Daniel’s New Friend centers on non-disabled characters meeting a new friend with leg braces and arm crutches. Daniel Tiger is a celebrity (it’s his neighborhood, after all) so it kinda makes sense to center the story on him. This story works for preschoolers and kindergartners who aren’t sure how to treat friends with mobility disabilities (hint: like a regular friend), in a simple story that both includes and respects Daniel’s friend Chrissie’s, including her voice and opinions.
Normalize Diverse Experiences
‘Moses Goes To A Concert‘ introduces simple signs in a field trip story while dispelling myths on what Deaf children can and can’t do.
‘Dixie wants an allergy‘ introduces us to a few common allergies. As a side note, it’s also great for introducing how appropriating something that endangers marginalized people for our own entertainment is a jerk thing to do.
‘Keep Your Ear On The Ball‘ centers a non-Deaf protagonist, but addresses common frustrations with the presumption of incompetence, and sets examples for how non-Deaf friends can aid inclusive environments for everyone.
‘My Three Best Friends And Me, Zulay‘ is all over the place (the book has nothing to do with her three friends and tries to cram in three plot lines into one, which is confusing at best), but at least it centers a Blind girl of color.
The Princess And The Peanut Allergy validates the experience of kids who have to disclose food allergies, even when it risks facing some fragile lash-back from friends.
Beyond disability, this is a spectacular story to introduce the idea of privilege and the aggressive response people face when asking for accommodations (fragility) – or even just educating those with more privilege to inequity.

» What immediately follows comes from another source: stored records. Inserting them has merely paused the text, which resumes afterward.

text \<open>Write \<open>A = C(X\<^sub>n)\<close> and \<open>m = det A\<close>. An integer vector \<open>w\<close> with \<open>A\<^sup>T w \<equiv> 0 (mod m)\<close> pairs to
  zero modulo \<open>m\<close> with every element of the root lattice, so the hypothesis on \<open>b\<close> yields
  \<open>\<Delta> w\<^sub>i + b\<^sub>i w\<^sub>n \<equiv> 0 (mod m)\<close> for all \<open>i\<close>. Since \<open>det(X\<^sub>n) = det X + (n - d) \<Delta>\<close>, \<open>\<Delta>\<close> is a unit
  modulo \<open>m\<close>, so such a \<open>w\<close> is determined by \<open>w\<^sub>n\<close>. The last row of \<open>adj A\<close> is one such \<open>w\<close>, with
  last entry \<open>det(X\<^sub>n\<^sub>-\<^sub>1) = m - \<Delta>\<close>; the relation then forces \<open>b\<close> to agree with it modulo \<open>m\<close>.\<close>

definition left_kernel_mod :: "int \<Rightarrow> int mat \<Rightarrow> int vec \<Rightarrow> bool" where
  "left_kernel_mod m A w \<longleftrightarrow> (\<forall>j<dim_col A. [(transpose_mat A *\<^sub>v w) $ j = 0] (mod m))"

lemma left_kernel_mod_adj_row:
  assumes A: "A \<in> carrier_mat n n" and l: "l < n"
  shows "left_kernel_mod (det A) A (row (adj_mat A) l)"
  unfolding left_kernel_mod_def
proof (intro allI impI)
  fix j assume "j < dim_col A"
  with A have j: "j < n" by simp
  have adj: "adj_mat A \<in> carrier_mat n n" by (rule adj_mat(1)[OF A])
  have "(transpose_mat A *\<^sub>v row (adj_mat A) l) $ j = row (adj_mat A) l \<bullet> col A j"
    using A adj j l by (simp add: comm_scalar_prod[of _ n])
  also have "\<dots> = (adj_mat A * A) $$ (l, j)"
    using A adj j l by simp
  also have "\<dots> = (if l = j then det A else 0)"
    using adj_mat(3)[OF A] j l by simp
  finally show "[(transpose_mat A *\<^sub>v row (adj_mat A) l) $ j = 0] (mod det A)"
    by (simp add: cong_0_iff)
qed

lemma left_kernel_mod_cong:
  assumes w: "w \<in> carrier_vec (dim_row A)" and w': "w' \<in> carrier_vec (dim_row A)"
    and cong: "\<And>i. i < dim_row A \<Longrightarrow> [w $ i = w' $ i] (mod m)"
    and ker: "left_kernel_mod m A w"
  shows "left_kernel_mod m A w'"
  unfolding left_kernel_mod_def
proof (intro allI impI)
  fix j assume j: "j < dim_col A"
  have "[col A j \<bullet> w' = col A j \<bullet> w] (mod m)"
    unfolding scalar_prod_def using w w'
  proof (simp, intro cong_sum cong_scalar_left)
    fix i assume "i \<in> {0..<dim_row A}"
    then show "[w' $ i = w $ i] (mod m)" using cong by (simp add: cong_sym_eq)
  qed
  moreover have "[col A j \<bullet> w = 0] (mod m)"
    using ker j by (simp add: left_kernel_mod_def)
  ultimately show "[(transpose_mat A *\<^sub>v w') $ j = 0] (mod m)"
    using j by (simp add: cong_trans)
qed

Douglas, You Need Glasses was written for kids who…you guessed it! – Need glasses. It’s a cute story centering on a near-sighted dog that shows the benefits of a visit to the optometrist and picking up some cool new specs. Some funny jokes, an upbeat story, and no judgement. Plus there are cute photos of real kids rocking glasses at the end, to show kids know they aren’t alone.

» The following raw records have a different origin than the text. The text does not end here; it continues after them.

(* Let $G$ be a group and $\mathcal{S}$ a 2-complex with vertices in $G$ such that $\mathcal{C}=Sc[\mathcal{S},G]$ is a commutative triplet structure. For every vertex $v\in G\times\mathcal{T}$, the map $E$ restricts to a bijection from the neighbor set $\Gamma_{G_{zig}}(v)$ onto the neighbor set $\Gamma_{G_{walk}(\mathcal{C})}(E(v))$.
   Context: For a 2-complex $X$, $X(1)$ is the set of 2-sets in triangles; $G_{walk}(X)$ is the graph on $X(1)$ with distinct edges adjacent iff they lie in a common triangle. For $\sigma\subseteq G$, $\sigma\cdot g=\{sg:s\in\sigma\}$; $Sc[\mathcal{S},G]=\{\sigma\cdot g\}$. $\mathcal{T}=\mathcal{S}(1)$, $\mathcal{T}_o$ = ordered pairs $(t_1,t_2)$ with $\{t_1,t_2\}\in\mathcal{T}$. Commutative triplet structure: (0) $\{s,s^{-1}\}\notin\mathcal{T}$ for every vertex $s$; (A) every edge of $\mathcal{T}$ lies in exactly $\tilde d$ triangles of $\mathcal{S}$; (B) $ab=ba$ for $\{a,b\}\in\mathcal{T}$; (C) $\{a,b\}\in\mathcal{T}\iff\{a^{-1},b^{-1}\}\in\mathcal{T}$; (D) for $t\ne t'\in\mathcal{T}_o$, $t_1t_2^{-1}=t'_1(t'_2)^{-1}$ implies $t'_2=t_1^{-1}$, $t'_1=t_2^{-1}$; (E) the 1-skeleton of $\mathcal{S}$ is connected. For $\tau=\{a,b\}$: $E(g,\tau)=\{ag,bg\}$, $\hat\tau g=abg$, $\tau^{-1}=\{a^{-1},b^{-1}\}$. $L=G_{walk}(\mathcal{S})$. On $G\times\mathcal{T}$, red edges join $(g,\tau)$ and $(g,\tau')$ when $\tau\sim\tau'$ in $L$; the blue edge joins $(g,\tau)$ and $(\hat\tau g,\tau^{-1})$. $G_{zig}$ is the graph on $G\times\mathcal{T}$ induced by the operator $\tfrac12P_R+\tfrac12P_RP_B$ ($P_R,P_B$ the normalized red/blue adjacency matrices): the neighbors of $v$ are its red neighbors and the red neighbors of its blue neighbor. *)

theory Defs
  imports Main
begin

text \<open>The group G is a (not necessarily commutative) type of class group_add;
  the group product a b is written a + b and the inverse a^{-1} as - a.\<close>

definition two_complex :: "'a set set \<Rightarrow> bool" where
  "two_complex X \<longleftrightarrow> (\<forall>\<sigma>\<in>X. \<sigma> \<noteq> {} \<and> finite \<sigma> \<and> card \<sigma> \<le> 3 \<and>
      (\<forall>\<tau>. \<tau> \<noteq> {} \<longrightarrow> \<tau> \<subseteq> \<sigma> \<longrightarrow> \<tau> \<in> X))"

definition triangles :: "'a set set \<Rightarrow> 'a set set" where
  "triangles X = {\<sigma> \<in> X. card \<sigma> = 3}"

definition edges1 :: "'a set set \<Rightarrow> 'a set set" where
  "edges1 X = {e. card e = 2 \<and> (\<exists>t\<in>triangles X. e \<subseteq> t)}"

definition walk_adj :: "'a set set \<Rightarrow> 'a set \<Rightarrow> 'a set \<Rightarrow> bool" where
  "walk_adj X e e' \<longleftrightarrow> e \<in> edges1 X \<and> e' \<in> edges1 X \<and> e \<noteq> e' \<and>
      (\<exists>t\<in>triangles X. e \<union> e' \<subseteq> t)"

definition walk_nbrs :: "'a set set \<Rightarrow> 'a set \<Rightarrow> 'a set set" where
  "walk_nbrs X e = {e'. walk_adj X e e'}"

definition rtrans :: "'a::group_add set \<Rightarrow> 'a \<Rightarrow> 'a set" where
  "rtrans \<sigma> g = (\<lambda>s. s + g) ` \<sigma>"

definition Sc :: "'a::group_add set set \<Rightarrow> 'a set set" where
  "Sc S = {rtrans \<sigma> g | \<sigma> g. \<sigma> \<in> S}"

definition Tord :: "'a set set \<Rightarrow> ('a \<times> 'a) set" where
  "Tord S = {(a, b). {a, b} \<in> edges1 S}"

definition skeleton_connected :: "'a set set \<Rightarrow> bool" where
  "skeleton_connected S \<longleftrightarrow>
     (\<forall>x y. {x} \<in> S \<longrightarrow> {y} \<in> S \<longrightarrow> (x, y) \<in> {(u, w). {u, w} \<in> S \<and> u \<noteq> w}\<^sup>*)"

definition comm_triplet :: "'a::group_add set set \<Rightarrow> nat \<Rightarrow> bool" where
  "comm_triplet S d \<longleftrightarrow>
     (\<forall>s. {s} \<in> S \<longrightarrow> {s, - s} \<notin> edges1 S) \<and>
     (\<forall>e\<in>edges1 S. finite {t\<in>triangles S. e \<subseteq> t} \<and> card {t\<in>triangles S. e \<subseteq> t} = d) \<and>
     (\<forall>a b. {a, b} \<in> edges1 S \<longrightarrow> a + b = b + a) \<and>
     (\<forall>a b. {a, b} \<in> edges1 S \<longleftrightarrow> {- a, - b} \<in> edges1 S) \<and>
     (\<forall>t\<in>Tord S. \<forall>t'\<in>Tord S. t \<noteq> t' \<longrightarrow> fst t + - snd t = fst t' + - snd t' \<longrightarrow>
         snd t' = - fst t \<and> fst t' = - snd t) \<and>
     skeleton_connected S"
(* Given a set $\mathcal{R}$ of rules on a finite set $Q$ and a subset $X\subseteq Q$, the maximum member $X^\circ$ of $\mathcal{A}(\mathcal{R})$ contained in $X$ can be computed in linear time, i.e. in time $O(l(\mathcal{R}))$.
   Context: A rule on $Q$ is a pair $(A,q)$ with $A\subseteq Q$, $q\in Q$; it accepts $Y\subseteq Q$ if $q\in Y$ implies $Y\cap A\neq\emptyset$. $\mathcal{K}(\mathcal{R})$ is the family of subsets accepted by all rules of $\mathcal{R}$, and $\mathcal{A}(\mathcal{R})$ is the family of $K\in\mathcal{K}(\mathcal{R})$ for which there is a sequence $\emptyset=Y_0\subseteq\dots\subseteq Y_k=K$ of members of $\mathcal{K}(\mathcal{R})$ with $|Y_{i+1}\setminus Y_i|=1$. $\mathcal{A}(\mathcal{R})$ is union-closed and contains $\emptyset$, so for each $X\subseteq Q$ there is a unique maximal member $X^\circ$ of $\mathcal{A}(\mathcal{R})$ contained in $X$. The input size is $l(\mathcal{R})=\sum_{(A,q)\in\mathcal{R}}(|A|+1)$, assumed to satisfy $l(\mathcal{R})\ge|Q|$. *)

theory Defs
  imports Main
begin

type_synonym 'a rule = "'a set \<times> 'a"

definition accepts :: "'a rule \<Rightarrow> 'a set \<Rightarrow> bool" where
  "accepts r Y \<longleftrightarrow> (snd r \<in> Y \<longrightarrow> Y \<inter> fst r \<noteq> {})"

definition rule_on :: "'a set \<Rightarrow> 'a rule \<Rightarrow> bool" where
  "rule_on Q r \<longleftrightarrow> fst r \<subseteq> Q \<and> snd r \<in> Q"

definition Kfam :: "'a set \<Rightarrow> 'a rule set \<Rightarrow> 'a set set" where
  "Kfam Q R = {Y. Y \<subseteq> Q \<and> (\<forall>r\<in>R. accepts r Y)}"

definition Afam :: "'a set \<Rightarrow> 'a rule set \<Rightarrow> 'a set set" where
  "Afam Q R = {K. K \<in> Kfam Q R \<and>
     (\<exists>(Ys :: nat \<Rightarrow> 'a set) k. Ys 0 = {} \<and> Ys k = K \<and>
        (\<forall>i\<le>k. Ys i \<in> Kfam Q R) \<and>
        (\<forall>i<k. Ys i \<subseteq> Ys (Suc i) \<and> card (Ys (Suc i) - Ys i) = 1))}"

definition interior :: "'a set \<Rightarrow> 'a rule set \<Rightarrow> 'a set \<Rightarrow> 'a set" where
  "interior Q R X = (THE Y. Y \<in> Afam Q R \<and> Y \<subseteq> X \<and>
      (\<forall>Z\<in>Afam Q R. Z \<subseteq> X \<longrightarrow> Z \<subseteq> Y))"

definition rsize :: "'a rule set \<Rightarrow> nat" where
  "rsize R = (\<Sum>r\<in>R. card (fst r) + 1)"

text \<open>The input is given as a list qs enumerating Q, a list rs of rules, each
  with its body as a list, and the set X (O(1) membership test, i.e. a bit array).
  Each machine step performs O(1) RAM operations (array reads/writes indexed by
  elements of Q or rule indices, list cons/uncons).  Running time = number of steps.\<close>

datatype 'a phase = Init1 nat nat bool | Init2 nat | Loop | Scan "nat list" | Done

record 'a mstate =
  st_phase :: "'a phase"
  st_occ :: "'a \<Rightarrow> nat list"
  st_cnt :: "'a \<Rightarrow> nat"
  st_counted :: "nat \<Rightarrow> bool"
  st_sat :: "nat \<Rightarrow> bool"
  st_queue :: "'a list"
  st_Y :: "'a set"

definition init_state :: "'a mstate" where
  "init_state = \<lparr>st_phase = Init1 0 0 False, st_occ = (\<lambda>_. []), st_cnt = (\<lambda>_. 0),
     st_counted = (\<lambda>_. False), st_sat = (\<lambda>_. False), st_queue = [], st_Y = {}\<rparr>"

definition mstep :: "'a list \<Rightarrow> ('a list \<times> 'a) list \<Rightarrow> 'a set \<Rightarrow> 'a mstate \<Rightarrow> 'a mstate" where
  "mstep qs rs X s = (case st_phase s of
     Init1 i j found \<Rightarrow>
       (if i < length rs then
          (let as = fst (rs ! i); q = snd (rs ! i) in
           if j < length as then
             (let a = as ! j in
              s\<lparr>st_phase := Init1 i (Suc j) (found \<or> a = q),
                st_occ := (st_occ s)(a := i # st_occ s a)\<rparr>)
           else if found then s\<lparr>st_phase := Init1 (Suc i) 0 False\<rparr>
           else s\<lparr>st_phase := Init1 (Suc i) 0 False,
                   st_cnt := (st_cnt s)(q := Suc (st_cnt s q)),
                   st_counted := (st_counted s)(i := True)\<rparr>)
        else s\<lparr>st_phase := Init2 0\<rparr>)
   | Init2 k \<Rightarrow>
       (if k < length qs then
          (let a = qs ! k in
           s\<lparr>st_phase := Init2 (Suc k),
             st_queue := (if a \<in> X \<and> st_cnt s a = 0 then a # st_queue s else st_queue s)\<rparr>)
        else s\<lparr>st_phase := Loop\<rparr>)
   | Loop \<Rightarrow>
       (case st_queue s of
          [] \<Rightarrow> s\<lparr>st_phase := Done\<rparr>
        | p # ps \<Rightarrow>
            (if p \<in> st_Y s then s\<lparr>st_queue := ps\<rparr>
             else s\<lparr>st_queue := ps, st_Y := insert p (st_Y s), st_phase := Scan (st_occ s p)\<rparr>))
   | Scan is \<Rightarrow>
       (case is of
          [] \<Rightarrow> s\<lparr>st_phase := Loop\<rparr>
        | i # is' \<Rightarrow>
            (if st_counted s i \<and> \<not> st_sat s i then
               (let q = snd (rs ! i); c' = st_cnt s q - 1 in
                s\<lparr>st_phase := Scan is', st_sat := (st_sat s)(i := True),
                  st_cnt := (st_cnt s)(q := c'),
                  st_queue := (if c' = 0 \<and> q \<in> X \<and> q \<notin> st_Y s then q # st_queue s
                               else st_queue s)\<rparr>)
             else s\<lparr>st_phase := Scan is'\<rparr>))
   | Done \<Rightarrow> s)"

Fight Myths & Create Understanding
‘Don’t Call Me Special‘ gently addresses a few of the most common ableist practices that harm disabled folks in ways even a preschooler can understand. I’m not a huge fan of the other books in this series, but this one is solid.
‘Eating Gluten Free With Emily‘ shows us how isolating it can feel to be segregated from social activities because of dietary restrictions (Celiac disease). We also learn how her disability doesn’t define her, it’s just a part of who she is, like freckles and her sense of humor. We also see how adults who don’t take her disease seriously put her in danger.
‘I Know Someone With Down Syndrome‘ Despite the title centering people without Down syndrome (why must non-disabled people constantly center themselves?!), this was a surprisingly inclusive and respectful intro to the lives of people with DS and takes care not to generalize. Bonus points for photographs instead of illustrations to help kids accept that kids with DSare regular people.
The Great Katie Kate Explains Epilepsy’ centers on a non-disabled super-hero but offers more facts and figures for kids who are into stuff like EEG and MRI machines (non-comprehensive, featuring just a few types of seizure disorders). This book is still terrible, and it’s not for kids with epilepsy but it’s the least awful one I could find educating classmates on how to remain calm and compassionate for friends with seizure disorders. I’m still searching for better ones, but for now, weird books about super girls and creepy giant wombats will have to do.
‘Taking Diabetes to School‘ offers an introduction to Type 1 diabetes and shows kids how to identify signs of high or low blood sugar to better support diabetic friends. Caveat: The author ends all of her books with “After all, nobody’s perfect!” which is completely unnecessary and implies that diabetes is a personal flaw. Sigh.
‘I Think I Have The Wiggle Fidgets‘ is the least-terrible books I found on ADHD, but it still focuses on negatives rather than the benefits of ADHD neurodivergence (of which there are many). The maker uses pathologizing language like ‘cure’ (which is a 4-letter word that translates to training similar to gay-aversion therapy, abuse, and selective abortion among disability rights advocates), but in the context of the book the word ‘cure’ is for appropriate accommodations like fidget toys. Because the author has ADHD and I do not, I’m letting this one through because their lived experience counts more than my opinions as an outsider.
I was soooo nervous that The Seeing Stick would use blindness as a plot device. And it could be a smidge better – the Blind girl at the center of the story has relatively little agency and power.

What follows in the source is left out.